Work request:
Among these records, tally each line with the word "thesis"; the answer is that number alone.

Dataset:
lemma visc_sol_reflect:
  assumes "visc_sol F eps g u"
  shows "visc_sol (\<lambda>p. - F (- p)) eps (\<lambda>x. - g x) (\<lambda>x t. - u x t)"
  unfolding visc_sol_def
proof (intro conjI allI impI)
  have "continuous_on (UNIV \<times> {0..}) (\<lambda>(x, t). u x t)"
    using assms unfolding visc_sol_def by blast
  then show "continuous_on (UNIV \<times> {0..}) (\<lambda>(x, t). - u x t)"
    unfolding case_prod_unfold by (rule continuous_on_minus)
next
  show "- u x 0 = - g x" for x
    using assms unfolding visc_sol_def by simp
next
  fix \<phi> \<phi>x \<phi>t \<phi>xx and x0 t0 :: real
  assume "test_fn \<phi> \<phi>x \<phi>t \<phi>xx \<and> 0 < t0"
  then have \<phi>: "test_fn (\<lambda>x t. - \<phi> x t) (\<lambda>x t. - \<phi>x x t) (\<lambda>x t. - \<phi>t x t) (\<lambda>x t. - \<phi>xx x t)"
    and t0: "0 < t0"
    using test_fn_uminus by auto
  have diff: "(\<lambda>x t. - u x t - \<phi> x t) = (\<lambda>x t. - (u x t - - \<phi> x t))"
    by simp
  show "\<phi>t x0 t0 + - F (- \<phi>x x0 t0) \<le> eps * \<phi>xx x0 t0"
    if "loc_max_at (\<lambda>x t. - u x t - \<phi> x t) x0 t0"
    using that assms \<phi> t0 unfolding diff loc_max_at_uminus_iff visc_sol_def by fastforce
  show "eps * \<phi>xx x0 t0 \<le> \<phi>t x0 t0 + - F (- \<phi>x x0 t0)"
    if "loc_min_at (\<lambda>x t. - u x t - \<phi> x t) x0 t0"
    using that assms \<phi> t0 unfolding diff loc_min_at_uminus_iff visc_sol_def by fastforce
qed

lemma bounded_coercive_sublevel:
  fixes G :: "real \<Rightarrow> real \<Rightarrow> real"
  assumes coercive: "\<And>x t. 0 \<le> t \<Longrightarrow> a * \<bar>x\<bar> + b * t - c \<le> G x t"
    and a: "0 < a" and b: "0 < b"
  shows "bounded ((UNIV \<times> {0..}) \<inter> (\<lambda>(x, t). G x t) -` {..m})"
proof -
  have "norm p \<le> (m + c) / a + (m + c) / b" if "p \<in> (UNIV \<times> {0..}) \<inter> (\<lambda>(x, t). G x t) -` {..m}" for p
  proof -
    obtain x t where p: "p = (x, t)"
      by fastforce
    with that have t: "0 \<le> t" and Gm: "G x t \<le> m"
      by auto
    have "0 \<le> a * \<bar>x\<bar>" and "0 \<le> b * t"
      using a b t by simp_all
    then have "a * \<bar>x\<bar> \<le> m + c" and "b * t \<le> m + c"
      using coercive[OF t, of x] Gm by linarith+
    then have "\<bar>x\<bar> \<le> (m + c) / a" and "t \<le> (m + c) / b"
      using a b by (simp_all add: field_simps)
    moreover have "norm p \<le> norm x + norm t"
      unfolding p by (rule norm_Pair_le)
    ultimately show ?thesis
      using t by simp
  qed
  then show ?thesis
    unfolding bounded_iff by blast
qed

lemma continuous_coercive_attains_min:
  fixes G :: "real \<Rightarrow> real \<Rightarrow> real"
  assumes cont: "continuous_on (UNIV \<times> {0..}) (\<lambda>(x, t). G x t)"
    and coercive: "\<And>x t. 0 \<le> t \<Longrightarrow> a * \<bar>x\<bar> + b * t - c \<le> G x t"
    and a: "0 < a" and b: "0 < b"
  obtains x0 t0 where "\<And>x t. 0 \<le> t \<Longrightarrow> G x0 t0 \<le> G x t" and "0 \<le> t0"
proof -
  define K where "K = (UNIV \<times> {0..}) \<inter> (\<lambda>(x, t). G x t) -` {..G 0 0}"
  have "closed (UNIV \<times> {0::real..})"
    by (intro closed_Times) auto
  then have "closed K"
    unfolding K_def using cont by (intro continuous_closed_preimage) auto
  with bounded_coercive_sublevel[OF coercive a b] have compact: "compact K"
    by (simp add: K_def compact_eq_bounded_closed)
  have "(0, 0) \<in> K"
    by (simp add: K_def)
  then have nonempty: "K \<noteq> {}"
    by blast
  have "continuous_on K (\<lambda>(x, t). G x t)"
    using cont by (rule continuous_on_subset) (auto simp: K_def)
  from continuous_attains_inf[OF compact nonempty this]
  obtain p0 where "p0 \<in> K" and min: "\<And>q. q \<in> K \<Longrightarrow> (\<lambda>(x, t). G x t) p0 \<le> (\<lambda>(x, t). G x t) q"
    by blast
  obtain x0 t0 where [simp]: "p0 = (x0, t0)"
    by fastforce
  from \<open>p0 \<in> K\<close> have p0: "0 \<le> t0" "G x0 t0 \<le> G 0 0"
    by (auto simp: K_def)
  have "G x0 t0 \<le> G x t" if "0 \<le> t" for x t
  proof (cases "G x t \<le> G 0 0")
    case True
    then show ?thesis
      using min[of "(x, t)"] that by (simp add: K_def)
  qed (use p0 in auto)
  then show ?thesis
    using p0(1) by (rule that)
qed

...

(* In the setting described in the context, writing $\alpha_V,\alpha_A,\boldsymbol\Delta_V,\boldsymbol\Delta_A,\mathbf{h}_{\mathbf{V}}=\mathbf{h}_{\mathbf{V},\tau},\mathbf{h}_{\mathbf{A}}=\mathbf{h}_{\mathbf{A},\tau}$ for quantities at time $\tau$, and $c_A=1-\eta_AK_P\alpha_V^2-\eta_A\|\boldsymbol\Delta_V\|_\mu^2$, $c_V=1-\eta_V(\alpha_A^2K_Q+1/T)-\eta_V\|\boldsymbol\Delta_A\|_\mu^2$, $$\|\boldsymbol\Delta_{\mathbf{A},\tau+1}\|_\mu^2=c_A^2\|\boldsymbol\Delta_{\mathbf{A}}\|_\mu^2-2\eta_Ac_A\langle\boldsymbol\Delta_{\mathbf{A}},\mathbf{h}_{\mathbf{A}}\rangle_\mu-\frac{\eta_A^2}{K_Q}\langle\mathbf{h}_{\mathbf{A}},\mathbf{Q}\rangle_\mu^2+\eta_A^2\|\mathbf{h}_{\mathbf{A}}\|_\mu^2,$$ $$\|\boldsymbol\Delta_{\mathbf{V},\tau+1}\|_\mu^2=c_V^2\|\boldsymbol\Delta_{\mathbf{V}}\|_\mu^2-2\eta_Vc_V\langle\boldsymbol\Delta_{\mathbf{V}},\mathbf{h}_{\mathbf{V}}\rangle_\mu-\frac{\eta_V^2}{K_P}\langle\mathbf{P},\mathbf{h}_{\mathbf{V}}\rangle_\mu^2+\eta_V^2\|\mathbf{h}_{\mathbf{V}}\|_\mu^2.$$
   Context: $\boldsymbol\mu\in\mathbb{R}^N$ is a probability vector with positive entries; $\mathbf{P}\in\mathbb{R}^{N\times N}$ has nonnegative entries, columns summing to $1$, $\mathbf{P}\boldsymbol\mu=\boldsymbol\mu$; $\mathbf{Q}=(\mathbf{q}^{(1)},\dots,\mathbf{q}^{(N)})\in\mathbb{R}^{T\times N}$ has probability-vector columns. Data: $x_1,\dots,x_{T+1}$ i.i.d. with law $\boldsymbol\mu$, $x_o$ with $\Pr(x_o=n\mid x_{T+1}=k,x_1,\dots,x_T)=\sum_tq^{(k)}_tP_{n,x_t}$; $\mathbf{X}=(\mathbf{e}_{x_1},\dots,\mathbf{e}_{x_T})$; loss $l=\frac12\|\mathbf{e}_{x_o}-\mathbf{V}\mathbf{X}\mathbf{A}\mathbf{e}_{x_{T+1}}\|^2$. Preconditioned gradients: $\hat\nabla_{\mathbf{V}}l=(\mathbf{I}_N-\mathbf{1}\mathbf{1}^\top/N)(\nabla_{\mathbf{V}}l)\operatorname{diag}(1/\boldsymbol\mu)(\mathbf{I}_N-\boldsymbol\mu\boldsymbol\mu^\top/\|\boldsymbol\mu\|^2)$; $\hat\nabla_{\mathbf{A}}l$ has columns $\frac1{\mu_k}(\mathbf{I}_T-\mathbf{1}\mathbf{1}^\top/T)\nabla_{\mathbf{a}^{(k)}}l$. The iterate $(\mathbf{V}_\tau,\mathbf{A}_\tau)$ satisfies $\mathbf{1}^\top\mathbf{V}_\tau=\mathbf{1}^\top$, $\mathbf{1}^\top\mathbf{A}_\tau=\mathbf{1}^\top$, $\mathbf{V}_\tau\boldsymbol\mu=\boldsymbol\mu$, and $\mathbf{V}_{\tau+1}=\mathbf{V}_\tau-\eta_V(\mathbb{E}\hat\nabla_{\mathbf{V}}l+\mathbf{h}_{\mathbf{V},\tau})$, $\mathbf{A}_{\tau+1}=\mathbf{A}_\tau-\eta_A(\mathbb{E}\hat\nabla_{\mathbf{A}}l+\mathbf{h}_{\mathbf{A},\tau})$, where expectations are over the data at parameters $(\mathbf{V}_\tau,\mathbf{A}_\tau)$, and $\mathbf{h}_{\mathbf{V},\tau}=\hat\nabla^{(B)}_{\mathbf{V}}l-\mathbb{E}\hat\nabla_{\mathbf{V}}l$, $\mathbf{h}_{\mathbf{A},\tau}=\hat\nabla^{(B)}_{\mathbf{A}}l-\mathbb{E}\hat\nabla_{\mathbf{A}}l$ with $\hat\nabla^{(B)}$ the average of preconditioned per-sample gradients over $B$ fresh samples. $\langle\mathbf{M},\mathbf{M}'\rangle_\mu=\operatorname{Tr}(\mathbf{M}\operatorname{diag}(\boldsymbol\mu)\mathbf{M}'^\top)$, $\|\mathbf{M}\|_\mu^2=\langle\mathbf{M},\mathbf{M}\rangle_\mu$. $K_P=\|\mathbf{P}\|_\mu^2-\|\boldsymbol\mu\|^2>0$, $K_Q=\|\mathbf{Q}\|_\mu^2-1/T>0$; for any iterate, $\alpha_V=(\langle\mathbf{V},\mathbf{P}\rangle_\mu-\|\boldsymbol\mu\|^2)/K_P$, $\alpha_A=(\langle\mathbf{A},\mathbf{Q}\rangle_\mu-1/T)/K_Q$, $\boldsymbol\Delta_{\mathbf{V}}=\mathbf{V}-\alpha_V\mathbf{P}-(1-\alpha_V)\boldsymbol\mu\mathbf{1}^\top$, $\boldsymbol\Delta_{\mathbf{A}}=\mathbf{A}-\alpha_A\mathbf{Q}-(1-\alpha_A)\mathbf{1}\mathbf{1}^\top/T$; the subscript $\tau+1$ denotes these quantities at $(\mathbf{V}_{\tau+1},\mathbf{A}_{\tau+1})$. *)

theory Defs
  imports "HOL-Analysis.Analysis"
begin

Answer to this problem:
4